Students at the school remain confined to school grounds, sources said.

“The school is surrounded by armed security forces, and all the students are locked inside the campus,” a Tibetan resident of the area said, speaking on condition of anonymity.

“They are not allowed to move in and out. Tension is extremely high in the Machu county area,” the man said.

The man’s account could not be independently confirmed, and a Machu [in Chinese, Maqu] county government official, reached for comment, denied knowledge of the events before hanging up.

Dozens of students at the Tibetan Middle School in Machu staged a protest March 14 on the second anniversary of a region-wide uprising against Chinese rule in Tibetan-populated areas of western China.

“[They] were joined by 500 to 600 other Tibetans,” a local resident said.

“They were shouting against their lack of freedom, and were calling for Tibetan independence,” the source said.

Teachers fired

Following the protest, the school’s headmaster, Kyabchen Dedrol, and two assistants—Do Re and another man, unnamed—were dismissed from their jobs, a source said.

“[The Chinese authorities] also relieved Sonam Tse, head of the Machu Public Security Office, of his title. It is feared that another seven or eight teachers from the Machu Tibetan Middle School will also lose their jobs,” the man said.

The head of the Machu Education Department, with direct responsibility for the middle school, has been allowed to keep his job, though, a source in Machu said.

“Local Tibetans suspect that he was spared because of his Han ethnicity,” the source said.

Academic instruction at the Machu Tibetan Middle School will be suspended for a month so that the students detained there can be “given political re-education,” Dolkar Kyab, a former Machu resident now living in Dharamsala, India, said, citing sources in the area.

Other protests

On March 16, students at a second school, Kanlho Tibetan Middle School No. 3, also protested, but were stopped from leaving school grounds by school security officials and teachers.

Students at another school, the Kanlho Prefecture Middle School, managed to leave school grounds, though, and gathered in the street, a resident of Sangchu [in Chinese, Xiahe] county in Gansu province said, also on condition of anonymity.

“Police and armed PAP [People’s Armed Police] surrounded the students and forced them back into the school compound. About 20 students were detained and were later released after being interrogated,” the source said.

Students and teachers at the school are still being questioned, he said, adding, “The increased presence of Chinese forces is causing tension and fear in the area.”

Meanwhile, at Ditsa monastery in Tsoshar [in Chinese, Haidong] prefecture in Qinghai province, posters were put up March 14 calling for freedom for Tibet and for the long life of Tibet’s exiled spiritual leader the Dalai Lama.

“Soon after the posters appeared, local police and the PAP arrived in the area, tightened security, and took away two monks—Jamyang, 19, and Yeshe, 20,” a local resident said, confirming an account from another source with contacts in the region.

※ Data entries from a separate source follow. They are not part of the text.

lemma sqrt_inverse_boundedI:
  assumes nonneg: "\<And>x. x > 0 \<Longrightarrow> 0 \<le> G x"
    and inverse: "\<And>x. x > 0 \<Longrightarrow> G x \<le> C / x"
    and sqrt: "\<And>x. x > 0 \<Longrightarrow> x \<le> 1 \<Longrightarrow> G x \<le> C * sqrt x"
  shows "sqrt_inverse_bounded C G"
  unfolding sqrt_inverse_bounded_def
proof (intro allI impI conjI nonneg inverse)
  fix x :: real assume x: "x > 0"
  have C: "0 \<le> C" using nonneg[of 1] inverse[of 1] by simp
  show "G x \<le> C * sqrt x"
  proof (cases "x \<le> 1")
    case False
    have "C / x \<le> C * 1" using C False by (simp add: divide_le_eq mult_le_cancel_left1)
    also have "\<dots> \<le> C * sqrt x" using C False by (intro mult_left_mono) auto
    finally show ?thesis using inverse[OF x] by linarith
  qed (use sqrt x in auto)
qed

lemma sqrt_inverse_bounded_nonneg: "sqrt_inverse_bounded C G \<Longrightarrow> 0 \<le> C"
  unfolding sqrt_inverse_bounded_def by (metis div_by_1 order_trans zero_less_one)

lemma scale_sum_mult_base:
  assumes q: "q > 0"
  shows "scale_sum q G (q * lam) = scale_sum q G lam"
proof -
  have "lam / q powr real_of_int (k - 1) = q * lam / q powr real_of_int k" for k
    using q by (simp add: powr_diff)
  hence "scale_sum q G (q * lam) = (\<Sum>\<^sub>\<infinity>k::int. G (lam / q powr real_of_int (k - 1)))"
    by (simp add: scale_sum_def)
  also have "\<dots> = scale_sum q G lam"
    unfolding scale_sum_def
    by (rule infsum_reindex_bij_betw) (rule bij_betwI[of _ _ _ "\<lambda>k. k + 1"], auto)
  finally show ?thesis .
qed

subsection \<open>Convergence of scale sums\<close>

text \<open>Summable majorant of \<open>min(\<surd>x, 1/x)\<close> along \<open>x = \<lambda>/q\<^sup>k\<close>.\<close>

definition scale_envelope :: "real \<Rightarrow> real \<Rightarrow> int \<Rightarrow> real" where
  "scale_envelope q lam k =
     (if 0 \<le> k then sqrt lam * (1 / sqrt q) ^ nat k else (1 / q) ^ nat (- k) / lam)"

lemma scale_envelope_has_sum:
  assumes q: "q > 1" and lam: "lam > 0"
  shows "(scale_envelope q lam has_sum (sqrt lam / (1 - 1 / sqrt q) + 1 / (lam * (q - 1)))) UNIV"
proof -
  have "(\<lambda>n. sqrt lam * (1 / sqrt q) ^ n) sums (sqrt lam * (1 / (1 - 1 / sqrt q)))"
    using q by (intro sums_mult geometric_sums) (simp add: real_sqrt_gt_1_iff)
  hence "((\<lambda>n. sqrt lam * (1 / sqrt q) ^ n) has_sum (sqrt lam / (1 - 1 / sqrt q))) UNIV"
    using q lam by (intro sums_nonneg_imp_has_sum) auto
  hence nonneg: "(scale_envelope q lam has_sum (sqrt lam / (1 - 1 / sqrt q))) (int ` UNIV)"
    by (subst has_sum_reindex) (auto simp: o_def scale_envelope_def)
  have "(\<lambda>n. (1 / q) * (1 / q) ^ n / lam) sums ((1 / q) * (1 / (1 - 1 / q)) / lam)"
    using q by (intro sums_divide sums_mult geometric_sums) simp
  moreover have "(1 / q) * (1 / (1 - 1 / q)) / lam = 1 / (lam * (q - 1))"
    using q lam by (simp add: field_simps)
  ultimately have "((\<lambda>n. (1 / q) * (1 / q) ^ n / lam) has_sum (1 / (lam * (q - 1)))) UNIV"
    using q lam by (intro sums_nonneg_imp_has_sum) (auto simp: mult_ac)
  moreover have "nat (1 + int n) = Suc n" for n by simp
  ultimately have neg: "(scale_envelope q lam has_sum (1 / (lam * (q - 1)))) ((\<lambda>n. - int n - 1) ` UNIV)"
    by (subst has_sum_reindex) (auto simp: inj_on_def o_def scale_envelope_def)
  have "int ` UNIV \<union> (\<lambda>n. - int n - 1) ` UNIV = (UNIV :: int set)"
  proof (intro set_eqI iffI)
    fix k :: int
    show "k \<in> int ` UNIV \<union> (\<lambda>n. - int n - 1) ` UNIV"
    proof (cases "k \<ge> 0")
      case True thus ?thesis by (auto intro!: image_eqI[of _ _ "nat k"])
    next
      case False thus ?thesis by (auto intro!: image_eqI[of _ _ "nat (- k - 1)"])
    qed
  qed simp
  thus ?thesis
    using has_sum_Un_disjoint[OF nonneg neg] by fastforce
qed

lemma le_scale_envelope:
  assumes G: "sqrt_inverse_bounded C G" and q: "q > 1" and lam: "lam > 0"
  shows "G (lam / q powr real_of_int k) \<le> C * scale_envelope q lam k"
proof (cases "0 \<le> k")
  case True
  have "q powr real_of_int k = q ^ nat k"
    using q True by (simp add: powr_realpow[symmetric])
  hence "sqrt (lam / q powr real_of_int k) = sqrt lam * (1 / sqrt q) ^ nat k"
    by (simp add: real_sqrt_divide real_sqrt_power power_divide)
  moreover have "G (lam / q powr real_of_int k) \<le> C * sqrt (lam / q powr real_of_int k)"
    using G q lam by (simp add: sqrt_inverse_bounded_def)
  ultimately show ?thesis
    using True by (simp add: scale_envelope_def)
next
  case False
  have "q powr real_of_int k = 1 / q ^ nat (- k)"
    using q False by (simp add: powr_realpow[symmetric] powr_minus_divide[symmetric])
  hence "C / (lam / q powr real_of_int k) = C * scale_envelope q lam k"
    using False by (simp add: power_divide scale_envelope_def)
  moreover have "G (lam / q powr real_of_int k) \<le> C / (lam / q powr real_of_int k)"
  proof -
    have "lam / q powr real_of_int k > 0" using q lam by simp
    thus ?thesis using G unfolding sqrt_inverse_bounded_def by blast
  qed
  ultimately show ?thesis by metis
qed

The monks’ teacher, Tulku Woeser, and three of his attendants were also detained, he said.

“Tulku Woeser was released after three days of detention and interrogation,” the source added. “He was released because of his bad health.”

Original reporting by Lhumbum and Chakmo Tso for RFA’s Tibetan service. Tibetan service director: Jigme Ngapo. Translations by Karma Dorjee. Written in English by Richard Finney. Edited by Sarah Jackson-Han.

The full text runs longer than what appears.